Some people complained that their names were missing from the voter lists, although it was unclear how many were affected.
“I want to vote for Mother Suu but they haven't given me my ballot paper so I'm here to demand it,” Zin Min Soe told AFP at a polling station.
“They can't just lose my vote,” he said.
The NLD also complained of ballot-paper irregularities, notably that wax had been put over the check box for the party, which could be rubbed off the ballot later to cancel the vote.
It was not immediately clear how widespread irregularities were.
“This is happening around the country,” NLD spokesman Nyan Win told AFP. “I have sent a complaint letter to the union election commission.”

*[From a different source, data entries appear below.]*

(* The logic $\mathsf{wPL}$ is locally tabular but not uniformly locally tabular.
   Context: $\mathsf{wPL}=\mathsf{IPC}\oplus (q\to p)\vee\big(((p\to q)\to p)\to p\big)$ (Weak Peirce's Law). A logic $L$ is locally tabular if over each finite set of variables there are finitely many formulas up to $L$-equivalence; it is $n$-uniform if every formula is $L$-equivalent to one of implication depth $\le n$ (atoms/constants depth $0$, $\wedge,\vee$ take maximum, $d(\varphi\to\psi)=\max(d(\varphi),d(\psi))+1$); uniformly locally tabular if $n$-uniform for some $n$. *)

theory Defs
  imports Main
begin

datatype fm = Var nat | Bot | Top | Conj fm fm | Disj fm fm | Imp fm fm

fun vars :: "fm \<Rightarrow> nat set" where
  "vars (Var n) = {n}"
| "vars Bot = {}"
| "vars Top = {}"
| "vars (Conj a b) = vars a \<union> vars b"
| "vars (Disj a b) = vars a \<union> vars b"
| "vars (Imp a b) = vars a \<union> vars b"

fun idepth :: "fm \<Rightarrow> nat" where
  "idepth (Var n) = 0"
| "idepth Bot = 0"
| "idepth Top = 0"
| "idepth (Conj a b) = max (idepth a) (idepth b)"
| "idepth (Disj a b) = max (idepth a) (idepth b)"
| "idepth (Imp a b) = max (idepth a) (idepth b) + 1"

fun subst :: "(nat \<Rightarrow> fm) \<Rightarrow> fm \<Rightarrow> fm" where
  "subst s (Var n) = s n"
| "subst s Bot = Bot"
| "subst s Top = Top"
| "subst s (Conj a b) = Conj (subst s a) (subst s b)"
| "subst s (Disj a b) = Disj (subst s a) (subst s b)"
| "subst s (Imp a b) = Imp (subst s a) (subst s b)"

text \<open>Since IPC is
  given by axiom schemata, closure under substitution amounts to adding all
  substitution instances of the extra axioms.\<close>
inductive derivable :: "fm set \<Rightarrow> fm \<Rightarrow> bool" for Ax :: "fm set" where
  ax1: "derivable Ax (Imp A (Imp B A))"
| ax2: "derivable Ax (Imp (Imp A (Imp B C)) (Imp (Imp A B) (Imp A C)))"
| ax3: "derivable Ax (Imp (Conj A B) A)"
| ax4: "derivable Ax (Imp (Conj A B) B)"
| ax5: "derivable Ax (Imp A (Imp B (Conj A B)))"
| ax6: "derivable Ax (Imp A (Disj A B))"
| ax7: "derivable Ax (Imp B (Disj A B))"
| ax8: "derivable Ax (Imp (Imp A C) (Imp (Imp B C) (Imp (Disj A B) C)))"
| ax9: "derivable Ax (Imp Bot A)"
| axTop: "derivable Ax Top"
| extra: "\<phi> \<in> Ax \<Longrightarrow> derivable Ax (subst s \<phi>)"
| mp: "derivable Ax (Imp A B) \<Longrightarrow> derivable Ax A \<Longrightarrow> derivable Ax B"

definition wPL_axiom :: fm where
  "wPL_axiom = (let p = Var 0; q = Var 1 in
     Disj (Imp q p) (Imp (Imp (Imp p q) p) p))"

definition wPL :: "fm \<Rightarrow> bool" where
  "wPL = derivable {wPL_axiom}"

definition equiv_in :: "(fm \<Rightarrow> bool) \<Rightarrow> fm \<Rightarrow> fm \<Rightarrow> bool" where
  "equiv_in L a b \<longleftrightarrow> L (Imp a b) \<and> L (Imp b a)"

definition locally_tabular :: "(fm \<Rightarrow> bool) \<Rightarrow> bool" where
  "locally_tabular L \<longleftrightarrow>
     (\<forall>V. finite V \<longrightarrow>
        finite ({a. vars a \<subseteq> V} // {(a, b). vars a \<subseteq> V \<and> vars b \<subseteq> V \<and> equiv_in L a b}))"

definition n_uniform :: "(fm \<Rightarrow> bool) \<Rightarrow> nat \<Rightarrow> bool" where
  "n_uniform L n \<longleftrightarrow> (\<forall>a. \<exists>b. idepth b \<le> n \<and> equiv_in L a b)"

definition uniformly_locally_tabular :: "(fm \<Rightarrow> bool) \<Rightarrow> bool" where
  "uniformly_locally_tabular L \<longleftrightarrow> (\<exists>n. n_uniform L n)"

end

(* In a rooted frame of wPL, being equal or incomparable is an equivalence
   relation whose classes (levels) are linearly ordered; the canonical frame of any extension
   of wPL has this property. Fix a finite set V of atoms and abstract each point y of the cone
   of a prime theory u by its key: the atoms of V true everywhere on the level of y, somewhere
   on it, and at y. Suitably ordered, the keys form a finite frame onto which the cone maps as
   a p-morphism, so the V-formulas in u are determined by the key of u and the set of keys of
   its cone. Hence only finitely many sets of V-formulas occur as prime theories restricted
   to V, and by completeness there are only finitely many V-formulas up to equivalence.

   On the ladder frame, whose rung l consists of two incomparable
   points (l, True) and (l, False) that see every point of the lower rungs, the formula
   bd n = p_n \<or> (p_n \<rightarrow> bd (n - 1)) separates (n, False) from (n + 1, True), while no
   formula of implication depth at most n does. *)

theory Submission
  imports Defs
begin

section \<open>Derivations from hypotheses and prime theories\<close>

inductive derivable_from :: "fm set \<Rightarrow> fm set \<Rightarrow> fm \<Rightarrow> bool" for Ax G where
  hyp: "a \<in> G \<Longrightarrow> derivable_from Ax G a"
| derived: "derivable Ax a \<Longrightarrow> derivable_from Ax G a"
| modus_ponens: "derivable_from Ax G (Imp a b) \<Longrightarrow> derivable_from Ax G a \<Longrightarrow> derivable_from Ax G b"

lemma derivable_Imp_self: "derivable Ax (Imp a a)"
  by (meson derivable.ax1 derivable.ax2 derivable.mp)

lemma derivable_from_mono: "derivable_from Ax G a \<Longrightarrow> G \<subseteq> H \<Longrightarrow> derivable_from Ax H a"
  by (induction rule: derivable_from.induct) (auto intro: derivable_from.intros)

lemma derivable_from_empty_iff: "derivable_from Ax {} a \<longleftrightarrow> derivable Ax a"
proof
  show "derivable_from Ax {} a \<Longrightarrow> derivable Ax a"
    by (induction rule: derivable_from.induct) (auto intro: derivable.mp)
qed (rule derivable_from.derived)

lemma derivable_from_deduction:
  "derivable_from Ax (insert a G) b \<Longrightarrow> derivable_from Ax G (Imp a b)"
proof (induction rule: derivable_from.induct)
  case (hyp c)
  then show ?case
    by (metis derivable.ax1 derivable_Imp_self derivable_from.simps insertE)
next
  case (derived c)
  then show ?case
    by (meson derivable.ax1 derivable_from.derived derivable_from.modus_ponens)
next
  case (modus_ponens c d)
  then show ?case
    by (meson derivable.ax2 derivable_from.derived derivable_from.modus_ponens)
qed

In Yangon, Myanmar opposition leader Aung San Suu Kyi hailed a “victory of the people” after her National League for Democracy (NLD) party declared she had won a seat in parliament for the first time.
“It's usual that NLD members and supporters are happy at this moment,” she said in a statement.
“But words, behaviour and actions that can harm and sadden other parties and people must be avoided completely. I would like all NLD members to ensure that the victory of the people is a dignified victory,” she added.
If confirmed, the win would mark a dramatic reversal in the political fortunes of the veteran activist, who was locked up by the former junta for most of the past 22 years. Official results were expected within a week.
Observers says Myanmar's quasi-civilian government needs Suu Kyi to take a place in parliament to bolster the legitimacy of its political system and spur an easing of Western sanctions against the regime.
But even if her party were to win all 44 seats it contested in Sunday's by-elections, it would not tip the balance of power in a parliament dominated by the military and its political allies.